Momentum based GD

The stochastic gradient descent (SGD) is almost always used with a momentum or inertia term that serves as a memory of the direction we are moving in parameter space. This is typically implemented as follows

$$ \begin{align} \mathbf{v}_{t}&=\gamma \mathbf{v}_{t-1}+\eta_{t}\nabla_\theta E(\boldsymbol{\theta}_t) \nonumber \\ \boldsymbol{\theta}_{t+1}&= \boldsymbol{\theta}_t -\mathbf{v}_{t}, \tag{1} \end{align} $$

where we have introduced a momentum parameter \( \gamma \), with \( 0\le\gamma\le 1 \), and for brevity we dropped the explicit notation to indicate the gradient is to be taken over a different mini-batch at each step.

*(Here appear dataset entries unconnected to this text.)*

(* For every $r\ge1$ and every $z\in\mathbb{C}$ with $z\ne0$, there is an algebra isomorphism $\mathcal{P}'_r(z)\cong\mathcal{P}'_r(1)$, and $\mathcal{P}'_r(1)$ is the semigroup algebra $\mathbb{C}\mathcal{P}'_r$ of the rook monoid $\mathcal{P}'_r$.
   Context: A partial permutation of $\{1,\dots,r\}$ is a bijection $d:X\to Y$ between subsets $X=\mathrm{dom}(d)$, $Y=\mathrm{im}(d)$ of $\{1,\dots,r\}$; maps are written on the right and composed by $x(d_1\circ d_2)=(xd_1)d_2$. The rook monoid $\mathcal{P}'_r$ is the monoid of all partial permutations of $\{1,\dots,r\}$ under this composition. For $z\in\mathbb{C}$, $\mathcal{P}'_r(z)$ is the algebra with basis $\mathcal{P}'_r$ and product $d_1d_2=z^{N}(d_1\circ d_2)$ with $N=r-|\mathrm{im}(d_1)\cup\mathrm{dom}(d_2)|$ (the subalgebra of the partition algebra $\mathcal{P}_r(z)$ spanned by partial permutation diagrams). *)

theory Defs
  imports Main Complex_Main
begin

definition rook :: "nat \<Rightarrow> (nat \<rightharpoonup> nat) set" where
  "rook r = {d. dom d \<subseteq> {1..r} \<and> ran d \<subseteq> {1..r} \<and> inj_on d (dom d)}"

text \<open>Composition with maps on the right: x (d1 o d2) = (x d1) d2.\<close>
definition rcomp :: "(nat \<rightharpoonup> nat) \<Rightarrow> (nat \<rightharpoonup> nat) \<Rightarrow> (nat \<rightharpoonup> nat)" where
  "rcomp d1 d2 = d2 \<circ>\<^sub>m d1"

definition rook_N :: "nat \<Rightarrow> (nat \<rightharpoonup> nat) \<Rightarrow> (nat \<rightharpoonup> nat) \<Rightarrow> nat" where
  "rook_N r d1 d2 = r - card (ran d1 \<union> dom d2)"

text \<open>Underlying vector space of the algebras with basis rook r: complex functions on
  the basis (vanishing off the basis).\<close>
definition rook_space :: "nat \<Rightarrow> ((nat \<rightharpoonup> nat) \<Rightarrow> complex) set" where
  "rook_space r = {a. \<forall>d. d \<notin> rook r \<longrightarrow> a d = 0}"

text \<open>Product in P'_r(z): bilinear extension of d1 d2 = z^N (d1 o d2).\<close>
definition twisted_mult :: "nat \<Rightarrow> complex \<Rightarrow> ((nat \<rightharpoonup> nat) \<Rightarrow> complex)
    \<Rightarrow> ((nat \<rightharpoonup> nat) \<Rightarrow> complex) \<Rightarrow> ((nat \<rightharpoonup> nat) \<Rightarrow> complex)" where
  "twisted_mult r z a b = (\<lambda>d. \<Sum>d1\<in>rook r. \<Sum>d2\<in>rook r.
      (if rcomp d1 d2 = d then z ^ rook_N r d1 d2 * a d1 * b d2 else 0))"

definition rook_alg_mult :: "nat \<Rightarrow> ((nat \<rightharpoonup> nat) \<Rightarrow> complex)
    \<Rightarrow> ((nat \<rightharpoonup> nat) \<Rightarrow> complex) \<Rightarrow> ((nat \<rightharpoonup> nat) \<Rightarrow> complex)" where
  "rook_alg_mult r a b = (\<lambda>d. \<Sum>d1\<in>rook r. \<Sum>d2\<in>rook r.
      (if rcomp d1 d2 = d then a d1 * b d2 else 0))"

definition basis_elt :: "(nat \<rightharpoonup> nat) \<Rightarrow> ((nat \<rightharpoonup> nat) \<Rightarrow> complex)" where
  "basis_elt d = (\<lambda>e. if e = d then 1 else 0)"

definition rook_id :: "nat \<Rightarrow> (nat \<rightharpoonup> nat)" where
  "rook_id r = (\<lambda>x. if x \<in> {1..r} then Some x else None)"

definition twisted_alg_iso :: "nat \<Rightarrow> complex \<Rightarrow> complex
    \<Rightarrow> (((nat \<rightharpoonup> nat) \<Rightarrow> complex) \<Rightarrow> ((nat \<rightharpoonup> nat) \<Rightarrow> complex)) \<Rightarrow> bool" where
  "twisted_alg_iso r z w \<phi> \<longleftrightarrow>
     bij_betw \<phi> (rook_space r) (rook_space r) \<and>
     (\<forall>a\<in>rook_space r. \<forall>b\<in>rook_space r. \<phi> (\<lambda>d. a d + b d) = (\<lambda>d. \<phi> a d + \<phi> b d)) \<and>
     (\<forall>c. \<forall>a\<in>rook_space r. \<phi> (\<lambda>d. c * a d) = (\<lambda>d. c * \<phi> a d)) \<and>
     (\<forall>a\<in>rook_space r. \<forall>b\<in>rook_space r.
        \<phi> (twisted_mult r z a b) = twisted_mult r w (\<phi> a) (\<phi> b)) \<and>
     \<phi> (basis_elt (rook_id r)) = basis_elt (rook_id r)"

end

theory Submission
  imports Defs
begin

text \<open>Rescaling each basis vector d by z to the power r - rank d turns the product of
  P'_r(z) into that of P'_r(1). Indeed the rank of d1 d2 is the size of
  im d1 \<inter> dom d2, so inclusion-exclusion gives
  (r - rank (d1 d2)) + N = (r - rank d1) + (r - rank d2), and the rescaling is invertible
  because z \<noteq> 0.\<close>

definition corank :: "nat \<Rightarrow> (nat \<rightharpoonup> nat) \<Rightarrow> nat" where
  "corank r d = r - card (dom d)"

lemma card_ran_eq_card_dom:
  assumes "inj_on m (dom m)"
  shows "card (ran m) = card (dom m)"
proof -
  have "inj_on (the \<circ> m) (dom m)"
    using assms unfolding inj_on_def by (metis comp_apply domD option.sel)
  moreover have "(the \<circ> m) ` dom m = ran m"
    unfolding ran_def dom_def by force
  ultimately show ?thesis
    using card_image by metis
qed

lemma card_dom_rcomp:
  assumes "inj_on d1 (dom d1)"
  shows "card (dom (rcomp d1 d2)) = card (ran d1 \<inter> dom d2)"
proof -
  have dom_eq: "dom (rcomp d1 d2) = {x \<in> dom d1. the (d1 x) \<in> dom d2}"
    unfolding rcomp_def dom_def map_comp_def by (auto split: option.splits)
  have "inj_on (the \<circ> d1) {x \<in> dom d1. the (d1 x) \<in> dom d2}"
    using assms unfolding inj_on_def by (metis (mono_tags) comp_apply domD mem_Collect_eq option.sel)
  moreover have "(the \<circ> d1) ` {x \<in> dom d1. the (d1 x) \<in> dom d2} = ran d1 \<inter> dom d2"
    unfolding ran_def dom_def by force
  ultimately show ?thesis
    unfolding dom_eq using card_image by metis
qed

lemma corank_rcomp_add_rook_N:
  assumes d1: "d1 \<in> rook r" and d2: "d2 \<in> rook r"
  shows "corank r (rcomp d1 d2) + rook_N r d1 d2 = corank r d1 + corank r d2"
proof -
  have sub: "dom d1 \<subseteq> {1..r}" "ran d1 \<subseteq> {1..r}" "dom d2 \<subseteq> {1..r}"
    and inj: "inj_on d1 (dom d1)"
    using d1 d2 by (auto simp: rook_def)
  have fin: "finite (ran d1)" "finite (dom d2)"
    using sub finite_subset by blast+
  have "card (ran d1) = card (dom d1)"
    by (rule card_ran_eq_card_dom[OF inj])
  moreover have "card (dom d1) \<le> r" "card (dom d2) \<le> r" "card (ran d1 \<union> dom d2) \<le> r"
    using sub by (auto intro!: card_mono[of "{1..r}", simplified])
  moreover have "card (ran d1 \<union> dom d2) + card (ran d1 \<inter> dom d2) = card (ran d1) + card (dom d2)"
    using card_Un_Int[OF fin] by simp
  moreover have "card (ran d1 \<inter> dom d2) \<le> card (dom d2)"
    using fin(2) by (simp add: card_mono)
  ultimately show ?thesis
    unfolding corank_def rook_N_def card_dom_rcomp[OF inj] by linarith
qed

lemma corank_rook_id: "corank r (rook_id r) = 0"
proof -
  have "dom (rook_id r) = {1..r}"
    unfolding rook_id_def dom_def by auto
  then show ?thesis
    unfolding corank_def by simp
qed

lemma twisted_alg_iso_rescale:
  fixes f :: "(nat \<rightharpoonup> nat) \<Rightarrow> complex"
  assumes nonzero: "\<And>d. f d \<noteq> 0"
    and structure_constants: "\<And>d1 d2. d1 \<in> rook r \<Longrightarrow> d2 \<in> rook r \<Longrightarrow>
          f (rcomp d1 d2) * z ^ rook_N r d1 d2 = w ^ rook_N r d1 d2 * f d1 * f d2"
    and unit: "f (rook_id r) = 1"
  shows "twisted_alg_iso r z w (\<lambda>a d. f d * a d)"
proof -
  let ?\<phi> = "\<lambda>a d. f d * a d"
  have bij: "bij_betw ?\<phi> (rook_space r) (rook_space r)"
    by (rule bij_betw_byWitness[where f' = "\<lambda>a d. a d / f d"])
       (auto simp: rook_space_def nonzero)
  have mult: "?\<phi> (twisted_mult r z a b) = twisted_mult r w (?\<phi> a) (?\<phi> b)" for a b
  proof
    fix d
    have "?\<phi> (twisted_mult r z a b) d = (\<Sum>d1\<in>rook r. \<Sum>d2\<in>rook r.
        if rcomp d1 d2 = d then f (rcomp d1 d2) * z ^ rook_N r d1 d2 * a d1 * b d2 else 0)"
      unfolding twisted_mult_def
      by (simp add: sum_distrib_left mult.assoc if_distrib cong: if_cong)
    also have "\<dots> = twisted_mult r w (?\<phi> a) (?\<phi> b) d"
      unfolding twisted_mult_def
    proof (intro sum.cong refl)
      fix d1 d2 assume "d1 \<in> rook r" "d2 \<in> rook r"
      then show "(if rcomp d1 d2 = d then f (rcomp d1 d2) * z ^ rook_N r d1 d2 * a d1 * b d2 else 0)
          = (if rcomp d1 d2 = d then w ^ rook_N r d1 d2 * (f d1 * a d1) * (f d2 * b d2) else 0)"
        by (subst structure_constants) (simp_all add: mult_ac)
    qed
    finally show "?\<phi> (twisted_mult r z a b) d = twisted_mult r w (?\<phi> a) (?\<phi> b) d" .
  qed
  have "?\<phi> (basis_elt (rook_id r)) = basis_elt (rook_id r)"
    unfolding basis_elt_def using unit by auto
  with bij mult show ?thesis
    unfolding twisted_alg_iso_def by (simp add: algebra_simps)
qed

lemma twisted_mult_one: "twisted_mult r 1 a b = rook_alg_mult r a b"
  unfolding twisted_mult_def rook_alg_mult_def by (simp cong: if_cong)

theorem corollary8p7:
  fixes r :: nat and z :: complex
  assumes "r \<ge> 1" and "z \<noteq> 0"
  shows "(\<exists>\<phi>. twisted_alg_iso r z 1 \<phi>) \<and>
         (\<forall>a\<in>rook_space r. \<forall>b\<in>rook_space r. twisted_mult r 1 a b = rook_alg_mult r a b)"
proof
  have "twisted_alg_iso r z 1 (\<lambda>a d. z ^ corank r d * a d)"
  proof (rule twisted_alg_iso_rescale)
    fix d1 d2 assume "d1 \<in> rook r" "d2 \<in> rook r"
    then show "z ^ corank r (rcomp d1 d2) * z ^ rook_N r d1 d2
        = 1 ^ rook_N r d1 d2 * z ^ corank r d1 * z ^ corank r d2"
      by (metis corank_rcomp_add_rook_N power_add power_one mult_1)
  qed (simp_all add: \<open>z \<noteq> 0\<close> corank_rook_id)
  then show "\<exists>\<phi>. twisted_alg_iso r z 1 \<phi>" by blast
next
  show "\<forall>a\<in>rook_space r. \<forall>b\<in>rook_space r. twisted_mult r 1 a b = rook_alg_mult r a b"
    by (simp add: twisted_mult_one)
qed

end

We call this algorithm gradient descent with momentum (GDM). From these equations, it is clear that \( \mathbf{v}_t \) is a running average of recently encountered gradients and \( (1-\gamma)^{-1} \) sets the characteristic time scale for the memory used in the averaging procedure. Consistent with this, when \( \gamma=0 \), this just reduces down to ordinary SGD as discussed earlier. An equivalent way of writing the updates is

$$ \Delta \boldsymbol{\theta}_{t+1} = \gamma \Delta \boldsymbol{\theta}_t -\ \eta_{t}\nabla_\theta E(\boldsymbol{\theta}_t), $$

where we have defined \( \Delta \boldsymbol{\theta}_{t}= \boldsymbol{\theta}_t-\boldsymbol{\theta}_{t-1} \).